**What is required:**
Write out all of the data without omission, exactly as shown.

_ _ _ _

lemma channel_opt_success_plus_state: "2 \<le> d \<Longrightarrow> channel_opt_success d {0} qI qV plus_state = 1"
  by (simp add: channel_opt_success_qI_qV is_state_plus_state marginal_prob_plus_state helstrom_value_def)

lemma is_state_max_ent: "0 < d \<Longrightarrow> is_state ({0..<d} \<times> {0..<d}) (max_ent d)"
  unfolding is_state_def inner_on_product_self by (simp add: marginal_prob_max_ent)

lemma channel_opt_success_max_ent:
  assumes "2 \<le> d"
  shows "channel_opt_success d {0..<d} qI qV (max_ent d) = 1/2 * (1 + sqrt (1 - (1 - 2 / real d)\<^sup>2))"
proof -
  have "(2 * (1 / real d) - 1)\<^sup>2 = (1 - 2 / real d)\<^sup>2"
    by (simp add: power2_commute)
  then show ?thesis
    using assms by (simp add: channel_opt_success_qI_qV is_state_max_ent marginal_prob_max_ent helstrom_value_def)
qed

theorem mainTheorem12:
  shows "(\<forall>d::nat. d \<ge> 2 \<longrightarrow>
            is_state ({0..<d} \<times> {0::nat}) plus_state
          \<and> channel_opt_success d {0::nat} qI qV plus_state = 1
          \<and> is_state ({0..<d} \<times> {0..<d}) (max_ent d)
          \<and> channel_opt_success d {0..<d} qI qV (max_ent d)
              = 1/2 * (1 + sqrt (1 - (1 - 2 / real d)^2)))
       \<and> (\<lambda>d. channel_opt_success d {0..<d} qI qV (max_ent d)) \<longlonglongrightarrow> 1/2"
proof (intro conjI allI impI)
  fix d :: nat
  assume "d \<ge> 2"
  then show "is_state ({0..<d} \<times> {0::nat}) plus_state"
    and "channel_opt_success d {0::nat} qI qV plus_state = 1"
    and "is_state ({0..<d} \<times> {0..<d}) (max_ent d)"
    and "channel_opt_success d {0..<d} qI qV (max_ent d) = 1/2 * (1 + sqrt (1 - (1 - 2 / real d)^2))"
    by (simp_all add: is_state_plus_state channel_opt_success_plus_state is_state_max_ent
        channel_opt_success_max_ent)
next
  have "(\<lambda>d. 1/2 * (1 + sqrt (1 - (1 - 2 / real d)\<^sup>2))) \<longlonglongrightarrow> 1/2 * (1 + sqrt (1 - (1 - 0)\<^sup>2))"
    by (intro tendsto_intros lim_const_over_n)
  then have "(\<lambda>d. 1/2 * (1 + sqrt (1 - (1 - 2 / real d)\<^sup>2))) \<longlonglongrightarrow> 1/2"
    by simp
  moreover have "\<forall>\<^sub>F d in sequentially.
      1/2 * (1 + sqrt (1 - (1 - 2 / real d)\<^sup>2)) = channel_opt_success d {0..<d} qI qV (max_ent d)"
    using eventually_ge_at_top[of 2] by eventually_elim (simp add: channel_opt_success_max_ent)
  ultimately show "(\<lambda>d. channel_opt_success d {0..<d} qI qV (max_ent d)) \<longlonglongrightarrow> 1/2"
    by (rule Lim_transform_eventually)
qed

end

_ _ _ _

**Task solution:**
lemma channel_opt_success_plus_state: "2 \<le> d \<Longrightarrow> channel_opt_success d {0} qI qV plus_state = 1"
  by (simp add: channel_opt_success_qI_qV is_state_plus_state marginal_prob_plus_state helstrom_value_def)

lemma is_state_max_ent: "0 < d \<Longrightarrow> is_state ({0..<d} \<times> {0..<d}) (max_ent d)"
  unfolding is_state_def inner_on_product_self by (simp add: marginal_prob_max_ent)

lemma channel_opt_success_max_ent:
  assumes "2 \<le> d"
  shows "channel_opt_success d {0..<d} qI qV (max_ent d) = 1/2 * (1 + sqrt (1 - (1 - 2 / real d)\<^sup>2))"
proof -
  have "(2 * (1 / real d) - 1)\<^sup>2 = (1 - 2 / real d)\<^sup>2"
    by (simp add: power2_commute)
  then show ?thesis
    using assms by (simp add: channel_opt_success_qI_qV is_state_max_ent marginal_prob_max_ent helstrom_value_def)
qed

theorem mainTheorem12:
  shows "(\<forall>d::nat. d \<ge> 2 \<longrightarrow>
            is_state ({0..<d} \<times> {0::nat}) plus_state
          \<and> channel_opt_success d {0::nat} qI qV plus_state = 1
          \<and> is_state ({0..<d} \<times> {0..<d}) (max_ent d)
          \<and> channel_opt_success d {0..<d} qI qV (max_ent d)
              = 1/2 * (1 + sqrt (1 - (1 - 2 / real d)^2)))
       \<and> (\<lambda>d. channel_opt_success d {0..<d} qI qV (max_ent d)) \<longlonglongrightarrow> 1/2"
proof (intro conjI allI impI)
  fix d :: nat
  assume "d \<ge> 2"
  then show "is_state ({0..<d} \<times> {0::nat}) plus_state"
    and "channel_opt_success d {0::nat} qI qV plus_state = 1"
    and "is_state ({0..<d} \<times> {0..<d}) (max_ent d)"
    and "channel_opt_success d {0..<d} qI qV (max_ent d) = 1/2 * (1 + sqrt (1 - (1 - 2 / real d)^2))"
    by (simp_all add: is_state_plus_state channel_opt_success_plus_state is_state_max_ent
        channel_opt_success_max_ent)
next
  have "(\<lambda>d. 1/2 * (1 + sqrt (1 - (1 - 2 / real d)\<^sup>2))) \<longlonglongrightarrow> 1/2 * (1 + sqrt (1 - (1 - 0)\<^sup>2))"
    by (intro tendsto_intros lim_const_over_n)
  then have "(\<lambda>d. 1/2 * (1 + sqrt (1 - (1 - 2 / real d)\<^sup>2))) \<longlonglongrightarrow> 1/2"
    by simp
  moreover have "\<forall>\<^sub>F d in sequentially.
      1/2 * (1 + sqrt (1 - (1 - 2 / real d)\<^sup>2)) = channel_opt_success d {0..<d} qI qV (max_ent d)"
    using eventually_ge_at_top[of 2] by eventually_elim (simp add: channel_opt_success_max_ent)
  ultimately show "(\<lambda>d. channel_opt_success d {0..<d} qI qV (max_ent d)) \<longlonglongrightarrow> 1/2"
    by (rule Lim_transform_eventually)
qed

end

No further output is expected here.